** Opening Available data block **

theorem theorem4p3:
  fixes V :: "'a set" and E :: "'a \<Rightarrow> 'a \<Rightarrow> bool" and K I :: "'a set"
  assumes split: "split_graph V E K I"
    and simple: "factor_simple V E I"
    and complete: "factor_complete V E I"
    and cover: "K = (\<Union>v\<in>I. nbhd V E v)"
    and alpha2: "card I \<ge> 2"
  shows "homogeneous V E K I
    \<and> (\<forall>d. (\<forall>v\<in>I. degree V E v = d) \<longrightarrow>
        (let \<omega> = int (card K); \<alpha> = int (card I);
             u = int (card {x. universal V E x})
         in 1 \<le> int d \<and> int d \<le> \<omega> - 1
          \<and> u \<in> {int d - 1, int d + 1 - \<alpha>}
          \<and> (u = int d - 1 \<longleftrightarrow> \<omega> = \<alpha> + int d - 1)
          \<and> (u = int d + 1 - \<alpha> \<longleftrightarrow> \<omega> = int d + 1)
          \<and> \<omega> = \<alpha> + u
          \<and> (active_graph V E \<longleftrightarrow> {x. universal V E x} = {})
          \<and> (active_graph V E \<longrightarrow> \<omega> = \<alpha> \<and> int d \<in> {1, \<omega> - 1})
          \<and> (\<omega> = \<alpha> \<or> d = 1 \<longrightarrow> active_graph V E)))"
proof -
  interpret split_bipartition V E K I using split by unfold_locales
  interpret unit_diff_family I "nbhd V E" using unit_diff_family_nbhd[OF simple complete] .
  let ?U = "{x. universal V E x}"
  have homogeneous: "homogeneous V E K I"
    using homogeneous_if_unit_diff_family[OF cover alpha2] unit_diff_family_axioms .
  have active_iff: "active_graph V E \<longleftrightarrow> ?U = {}"
    using active_graph_iff_no_universal[OF cover alpha2 Diff_N_nonempty] .
  have card_U_0: "card ?U = 0 \<longleftrightarrow> ?U = {}" using finite_universal by simp
  obtain i where i: "i \<in> I" using obtain_other_element[OF alpha2] by metis
  have "card K = card I + card ?U"
    and "card ?U + 1 = card (nbhd V E i) \<or> card ?U + card I = card (nbhd V E i) + 1"
    using card_Union_Inter[OF finite_I alpha2 i] unfolding cover universal_eq_Inter_nbhd[OF alpha2]
    by simp_all
  then show ?thesis
  proof (intro conjI allI impI homogeneous, goal_cases)
    case (1 d)
    then have "card (nbhd V E i) = d" using i unfolding degree_def by blast
    with 1 show ?case using alpha2 unfolding Let_def active_iff card_U_0[symmetric] by auto
  qed
qed

end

** Closing Available data block **

- _Task requirements_:
From the line containing "card I + card" down to the line containing "proof (intro conjI" in the material above, reproduce every line exactly, including the two end lines.

- _Task answer_:
  have "card K = card I + card ?U"
    and "card ?U + 1 = card (nbhd V E i) \<or> card ?U + card I = card (nbhd V E i) + 1"
    using card_Union_Inter[OF finite_I alpha2 i] unfolding cover universal_eq_Inter_nbhd[OF alpha2]
    by simp_all
  then show ?thesis
  proof (intro conjI allI impI homogeneous, goal_cases)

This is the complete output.